Antidepressants are big business. Americans spend more than $86 billion a year on antidepressants alone. Pharmaceutical companies spend nearly 10 billion dollars each year on marketing and promotion.

Antidepressants are among the most commonly prescribed and most profitable drugs in America. Very little money is spent in the U.S. to promote awareness of healthier alternatives.
[From here]

Good humour for 2 bucks seems like a bargain then, considering.

One of the things you can't miss in the USA, should you consume more than a few minutes of commercial television, is advertising for prescription drugs.

It's really, really weird.

As with all things, novelty tends to jar - so coming from the UK where there isn't any, you are first struck by a] the fact that there is some and then b] just how much of it there is.

For things you didn't even know were things - like Restless Leg Syndrome [which is in fact a real thing - I checked because, well, it sounds like it isn't - but doctors suggest that it isn't as prevalent as the TV campaigns might suggest - and specifically that it ISN'T just a tic, but a serious condition that causes pain].
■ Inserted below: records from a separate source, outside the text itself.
(* Let $\mathfrak{g}_1,\mathfrak{g}_2$ be $S$-algebras and let $D$ be a derivation of $\mathfrak{g}_1\underline{\times}\mathfrak{g}_2$, with $D_{ij}=p_iDp_j$. If $D_{11}$ and $D_{22}$ are nilpotent derivations (of $\mathfrak{g}_1$, resp. $\mathfrak{g}_2$), then $D_{33}$ is a nilpotent endomorphism (of $\mathfrak{g}_3$).
   Context: All Lie algebras are finite-dimensional, complex, nilpotent and nonabelian. $C^1\mathfrak{g}=[\mathfrak{g},\mathfrak{g}]$. Product by generators: for $\mathfrak{g}_1,\mathfrak{g}_2$ of dimensions $m_1,m_2$ take bases $\{X_1,\dots,X_{m_1}\}$, $\{X'_1,\dots,X'_{m_2}\}$ such that $X_1,\dots,X_{n_1}$ generate $\mathfrak{g}_1$ and $X_{n_1+1},\dots,X_{m_1}$ span $C^1\mathfrak{g}_1$, and similarly for $\mathfrak{g}_2$ with $n_2$ generators. $\mathfrak{g}_1\underline{\times}\mathfrak{g}_2$ is the Lie algebra on $\mathfrak{g}_1\oplus\mathfrak{g}_2\oplus\mathfrak{g}_3$, $\mathfrak{g}_3=\langle Z_1,\dots,Z_{n_1n_2}\rangle$, with the brackets of $\mathfrak{g}_1$ and of $\mathfrak{g}_2$, $[X_i,X'_j]=Z_{(i-1)n_2+j}$ for $i\le n_1$, $j\le n_2$, $[X_i,X'_j]=0$ otherwise, and $\mathfrak{g}_3$ central. $p_i$ is the projection onto $\mathfrak{g}_i$. A nilpotent Lie algebra $\mathfrak{g}_1$ is an $S$-algebra if for every Lie algebra $\mathfrak{g}_2$ and every derivation $D$ of $\mathfrak{g}_1\underline{\times}\mathfrak{g}_2$ one has $D_{21}(\mathfrak{g}_1)\subset C^1\mathfrak{g}_2$ (and symmetrically with the roles of the factors exchanged). *)

theory Defs
  imports Complex_Main
begin

text \<open>A Lie algebra of dimension m is given by structure constants
  c i j k (bracket of basis vectors e_i, e_j has k-th coordinate c i j k), indices 0..m-1.
  Vectors are functions nat => complex vanishing outside {0..<m}.
  Linear maps are matrices d k i (k-th output coordinate, i-th input coordinate).\<close>

type_synonym cvec = "nat \<Rightarrow> complex"
type_synonym sconst = "nat \<Rightarrow> nat \<Rightarrow> nat \<Rightarrow> complex"
type_synonym cmat = "nat \<Rightarrow> nat \<Rightarrow> complex"

definition vsp :: "nat \<Rightarrow> cvec set" where
  "vsp m = {x. \<forall>i\<ge>m. x i = 0}"

definition vzero :: cvec where "vzero = (\<lambda>k. 0)"

definition vadd :: "cvec \<Rightarrow> cvec \<Rightarrow> cvec" where
  "vadd x y = (\<lambda>k. x k + y k)"

definition unitv :: "nat \<Rightarrow> cvec" where
  "unitv k = (\<lambda>i. if i = k then 1 else 0)"

definition cspan :: "cvec set \<Rightarrow> cvec set" where
  "cspan S = {v. \<exists>F a. finite F \<and> F \<subseteq> S \<and> v = (\<lambda>k. \<Sum>u\<in>F. a u * u k)}"

definition br :: "nat \<Rightarrow> sconst \<Rightarrow> cvec \<Rightarrow> cvec \<Rightarrow> cvec" where
  "br m c x y = (\<lambda>k. if k < m then (\<Sum>i<m. \<Sum>j<m. x i * y j * c i j k) else 0)"

text \<open>Lower central series: lcs 0 = g, lcs (k+1) = [g, lcs k]; so lcs 1 = C^1 g = [g,g].\<close>
primrec lcs :: "nat \<Rightarrow> sconst \<Rightarrow> nat \<Rightarrow> cvec set" where
  "lcs m c 0 = vsp m"
| "lcs m c (Suc k) = cspan {br m c x y | x y. x \<in> vsp m \<and> y \<in> lcs m c k}"

definition is_lie :: "nat \<Rightarrow> sconst \<Rightarrow> bool" where
  "is_lie m c \<longleftrightarrow>
     (\<forall>x\<in>vsp m. br m c x x = vzero) \<and>
     (\<forall>x\<in>vsp m. \<forall>y\<in>vsp m. \<forall>z\<in>vsp m.
        vadd (vadd (br m c x (br m c y z)) (br m c y (br m c z x))) (br m c z (br m c x y)) = vzero)"

definition nilpotent_lie :: "nat \<Rightarrow> sconst \<Rightarrow> bool" where
  "nilpotent_lie m c \<longleftrightarrow> (\<exists>k. lcs m c k = {vzero})"

definition nonabelian :: "nat \<Rightarrow> sconst \<Rightarrow> bool" where
  "nonabelian m c \<longleftrightarrow> (\<exists>x\<in>vsp m. \<exists>y\<in>vsp m. br m c x y \<noteq> vzero)"

text \<open>Adapted basis: e_0..e_{n-1} are the generators, e_n..e_{m-1} span C^1 g.\<close>
definition adapted :: "nat \<Rightarrow> nat \<Rightarrow> sconst \<Rightarrow> bool" where
  "adapted m n c \<longleftrightarrow> n \<le> m \<and> lcs m c 1 = cspan (unitv ` {n..<m})"

definition NLA :: "nat \<Rightarrow> nat \<Rightarrow> sconst \<Rightarrow> bool" where
  "NLA m n c \<longleftrightarrow> is_lie m c \<and> nilpotent_lie m c \<and> nonabelian m c \<and> adapted m n c"

text \<open>Product by generators g1 x g2: coordinates 0..m1-1 for g1, m1..m1+m2-1 for g2,
  m1+m2+(i*n2+j) for Z corresponding to [X_i, X'_j] (0-indexed).\<close>
definition pdim :: "nat \<Rightarrow> nat \<Rightarrow> nat \<Rightarrow> nat \<Rightarrow> nat" where
  "pdim m1 n1 m2 n2 = m1 + m2 + n1 * n2"

definition prod_c :: "nat \<Rightarrow> nat \<Rightarrow> sconst \<Rightarrow> nat \<Rightarrow> nat \<Rightarrow> sconst \<Rightarrow> sconst" where
  "prod_c m1 n1 c1 m2 n2 c2 = (\<lambda>i j k.
     if i < m1 \<and> j < m1 \<and> k < m1 then c1 i j k
     else if m1 \<le> i \<and> i < m1 + m2 \<and> m1 \<le> j \<and> j < m1 + m2 \<and> m1 \<le> k \<and> k < m1 + m2
       then c2 (i - m1) (j - m1) (k - m1)
     else if i < n1 \<and> m1 \<le> j \<and> j < m1 + n2 \<and> k = m1 + m2 + i * n2 + (j - m1) then 1
     else if j < n1 \<and> m1 \<le> i \<and> i < m1 + n2 \<and> k = m1 + m2 + j * n2 + (i - m1) then -1
     else 0)"

definition mapp :: "nat \<Rightarrow> nat \<Rightarrow> cmat \<Rightarrow> cvec \<Rightarrow> cvec" where
  "mapp rows cols d x = (\<lambda>k. if k < rows then (\<Sum>i<cols. d k i * x i) else 0)"

definition blk :: "cmat \<Rightarrow> nat \<Rightarrow> nat \<Rightarrow> cmat" where
  "blk d r s = (\<lambda>k i. d (r + k) (s + i))"

definition is_der :: "nat \<Rightarrow> sconst \<Rightarrow> cmat \<Rightarrow> bool" where
  "is_der m c d \<longleftrightarrow> (\<forall>x\<in>vsp m. \<forall>y\<in>vsp m.
     mapp m m d (br m c x y) = vadd (br m c (mapp m m d x) y) (br m c x (mapp m m d y)))"

definition nilp_map :: "nat \<Rightarrow> (cvec \<Rightarrow> cvec) \<Rightarrow> bool" where
  "nilp_map m f \<longleftrightarrow> (\<exists>k. \<forall>x\<in>vsp m. (f ^^ k) x = vzero)"

text \<open>S-algebra: for every g2 and every derivation D of g1 x g2, D21(g1) \<subseteq> C^1 g2;
  and symmetrically, for every derivation D of g2 x g1, D12(g1) \<subseteq> C^1 g2.\<close>
definition S_alg :: "nat \<Rightarrow> nat \<Rightarrow> sconst \<Rightarrow> bool" where
  "S_alg m1 n1 c1 \<longleftrightarrow> (\<forall>m2 n2 c2 d. NLA m2 n2 c2 \<longrightarrow>
     (is_der (pdim m1 n1 m2 n2) (prod_c m1 n1 c1 m2 n2 c2) d \<longrightarrow>
        (\<forall>x\<in>vsp m1. mapp m2 m1 (blk d m1 0) x \<in> lcs m2 c2 1)) \<and>
     (is_der (pdim m2 n2 m1 n1) (prod_c m2 n2 c2 m1 n1 c1) d \<longrightarrow>
        (\<forall>x\<in>vsp m1. mapp m2 m1 (blk d 0 m2) x \<in> lcs m2 c2 1)))"

end

theory Submission
  imports Defs "HOL-Library.Function_Algebras"
begin

text \<open>Applying \<open>D\<close> to \<open>Z_(i,j) = [X_i, X'_j]\<close> and reading off \<open>\<g>\<^sub>3\<close>-coordinates, only the
  generator components of \<open>D X_i\<close> and \<open>D X'_j\<close> contribute, so \<open>D\<^sub>3\<^sub>3 = A \<otimes> 1 + 1 \<otimes> B\<close>,
  where \<open>A\<close> and \<open>B\<close> are the generator blocks of \<open>D\<^sub>1\<^sub>1\<close> and \<open>D\<^sub>2\<^sub>2\<close>. A derivation preserves
  \<open>C\<^sup>1\<g>\<close>, so \<open>A\<close> and \<open>B\<close> are the maps induced on \<open>\<g>\<^sub>i / C\<^sup>1\<g>\<^sub>i\<close> and hence nilpotent.
  The summands \<open>A \<otimes> 1\<close> and \<open>1 \<otimes> B\<close> commute, so \<open>D\<^sub>3\<^sub>3\<close> is nilpotent.\<close>

lemma vzero_eq_zero: "vzero = 0"
  by (simp add: vzero_def fun_eq_iff)

lemma unitv_in_vsp: "i < m \<Longrightarrow> unitv i \<in> vsp m"
  by (simp add: unitv_def vsp_def)

lemma mapp_in_vsp: "mapp r c D x \<in> vsp r"
  by (simp add: mapp_def vsp_def)

lemma mapp_unitv: "i < c \<Longrightarrow> mapp r c D (unitv i) k = (if k < r then D k i else 0)"
  by (simp add: mapp_def unitv_def if_distrib cong: if_cong)

lemma unitv_mult: "unitv p i * a = (if i = p then a else 0)"
  by (simp add: unitv_def)

lemma mult_unitv: "a * unitv p i = (if i = p then a else 0)"
  by (simp add: unitv_def)

lemma br_unitv_left:
  "p < m \<Longrightarrow> br m c (unitv p) y k = (if k < m then (\<Sum>j<m. y j * c p j k) else 0)"
  unfolding br_def by (subst sum.swap) (simp add: unitv_mult if_distrib[where f="\<lambda>u. u * _"] cong: if_cong)

lemma br_unitv_right:
  "q < m \<Longrightarrow> br m c x (unitv q) k = (if k < m then (\<Sum>i<m. x i * c i q k) else 0)"
  by (simp add: br_def mult_unitv if_distrib[where f="\<lambda>u. u * _"] cong: if_cong)

lemma br_unitv_unitv:
  "p < m \<Longrightarrow> q < m \<Longrightarrow> br m c (unitv p) (unitv q) k = (if k < m then c p q k else 0)"
  by (simp add: br_unitv_left unitv_mult if_distrib[where f="\<lambda>u. u * _"] cong: if_cong)

lemma in_cspan: "v \<in> S \<Longrightarrow> v \<in> cspan S"
  unfolding cspan_def by (rule CollectI, rule exI[of _ "{v}"], rule exI[of _ "\<lambda>_. 1"]) auto

lemma cspan_unitv_coord: "v \<in> cspan (unitv ` {n..<m}) \<Longrightarrow> k < n \<Longrightarrow> v k = 0"
  unfolding cspan_def by (auto simp: unitv_def intro!: sum.neutral)

lemma mapp_cspan_coord:
  assumes "v \<in> cspan S" and "k < r" and "\<And>u. u \<in> S \<Longrightarrow> mapp r c D u k = 0"
  shows "mapp r c D v k = 0"
proof -
  obtain F a where "finite F" "F \<subseteq> S" and "v = (\<lambda>k. \<Sum>u\<in>F. a u * u k)"
    using assms(1) unfolding cspan_def by blast
  then have "mapp r c D v k = (\<Sum>u\<in>F. a u * mapp r c D u k)"
    using \<open>k < r\<close> by (simp add: mapp_def sum_distrib_left sum.swap[of _ F] mult.left_commute)
  also have "\<dots> = 0"
    using \<open>F \<subseteq> S\<close> assms(3) by (auto intro!: sum.neutral)
  finally show ?thesis .
qed

lemma br_in_lcs_1: "x \<in> vsp m \<Longrightarrow> y \<in> vsp m \<Longrightarrow> br m c x y \<in> lcs m c 1"
  by (auto intro: in_cspan)

lemma adapted_der_entry_eq_0:
  assumes "adapted m n c" and der: "is_der m c D" and "k < n" "n \<le> i" "i < m"
  shows "D k i = 0"
proof -
  have C1: "lcs m c 1 = cspan (unitv ` {n..<m})" and "k < m"
    using assms by (auto simp: adapted_def)
  have C1_coord: "v k = 0" if "v \<in> lcs m c 1" for v
    using that cspan_unitv_coord \<open>k < n\<close> unfolding C1 by blast
  have "unitv i \<in> lcs m c 1"
    unfolding C1 using \<open>n \<le> i\<close> \<open>i < m\<close> by (auto intro: in_cspan)
  then have "unitv i \<in> cspan {br m c x y | x y. x \<in> vsp m \<and> y \<in> vsp m}"
    by simp
  then have "mapp m m D (unitv i) k = 0"
  proof (rule mapp_cspan_coord[OF _ \<open>k < m\<close>])
    fix u assume "u \<in> {br m c x y | x y. x \<in> vsp m \<and> y \<in> vsp m}"
    then obtain x y where "x \<in> vsp m" "y \<in> vsp m" and "u = br m c x y"
      by blast
    then have "mapp m m D u = vadd (br m c (mapp m m D x) y) (br m c x (mapp m m D y))"
      using der by (simp add: is_der_def)
    moreover have "br m c (mapp m m D x) y k = 0" "br m c x (mapp m m D y) k = 0"
      using C1_coord br_in_lcs_1 mapp_in_vsp \<open>x \<in> vsp m\<close> \<open>y \<in> vsp m\<close> by blast+
    ultimately show "mapp m m D u k = 0"
      by (simp add: vadd_def)
  qed
  then show ?thesis
    using \<open>i < m\<close> \<open>k < m\<close> by (simp add: mapp_unitv)
qed

lemma nilp_map_leading_block:
  assumes "n \<le> m" and upper: "\<And>k i. k < n \<Longrightarrow> n \<le> i \<Longrightarrow> i < m \<Longrightarrow> D k i = 0"
    and "nilp_map m (mapp m m D)"
  shows "nilp_map n (mapp n n D)"
proof -
  define trunc :: "cvec \<Rightarrow> cvec" where "trunc y = (\<lambda>k. if k < n then y k else 0)" for y
  have trunc_mapp: "trunc (mapp m m D y) = mapp n n D (trunc y)" for y
  proof
    fix k
    show "trunc (mapp m m D y) k = mapp n n D (trunc y) k"
    proof (cases "k < n")
      case True
      have "(\<Sum>i<m. D k i * y i) = (\<Sum>i<n. D k i * y i)"
        using \<open>n \<le> m\<close> upper[OF True] by (intro sum.mono_neutral_right) auto
      then show ?thesis
        using True \<open>n \<le> m\<close> by (simp add: trunc_def mapp_def)
    qed (simp add: trunc_def mapp_def)
  qed
  have trunc_funpow: "trunc ((mapp m m D ^^ j) y) = (mapp n n D ^^ j) (trunc y)" for j y
    by (induction j) (simp_all add: trunc_mapp)
  obtain K where K: "\<forall>x\<in>vsp m. (mapp m m D ^^ K) x = vzero"
    using assms(3) by (auto simp: nilp_map_def)
  have "(mapp n n D ^^ K) z = vzero" if "z \<in> vsp n" for z
  proof -
    have "z \<in> vsp m" and "trunc z = z"
      using that \<open>n \<le> m\<close> by (auto simp: trunc_def vsp_def)
    then show ?thesis
      using trunc_funpow[of K z] K by (simp add: trunc_def vzero_def)
  qed
  then show ?thesis
    by (auto simp: nilp_map_def)
qed

lemma additive_funpow:
  fixes f :: "'a::ab_group_add \<Rightarrow> 'a"
  shows "additive f \<Longrightarrow> additive (f ^^ n)"
  by (induction n) (simp_all add: additive_def)

lemma additive_add: "additive f \<Longrightarrow> additive g \<Longrightarrow> additive (\<lambda>x. f x + g x)"
  by (simp add: additive_def algebra_simps)

lemma funpow_commute_left: "(\<And>x. f (g x) = g (f x)) \<Longrightarrow> (g ^^ n) (f x) = f ((g ^^ n) x)"
  by (induction n) simp_all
The ads all end the same way:

Comic_pres

And the disclaimers are usually hilarious - the side effects of all medications almost always include exacerbation of the original symptoms: anti-depressants may cause suicidal ideation.

Which is something that doctors understand and take into account, which is why we have prescriptions.

Ultimately, this is a reflection of the sanctification of autonomy - as patients have become more involved in their health decisions, they need to be better informed - which leads to Web M.D. and, more recently, Google Health.

Whether that leads to a healthier, happier society  is debatable. The issue here is one of informational asymmetry.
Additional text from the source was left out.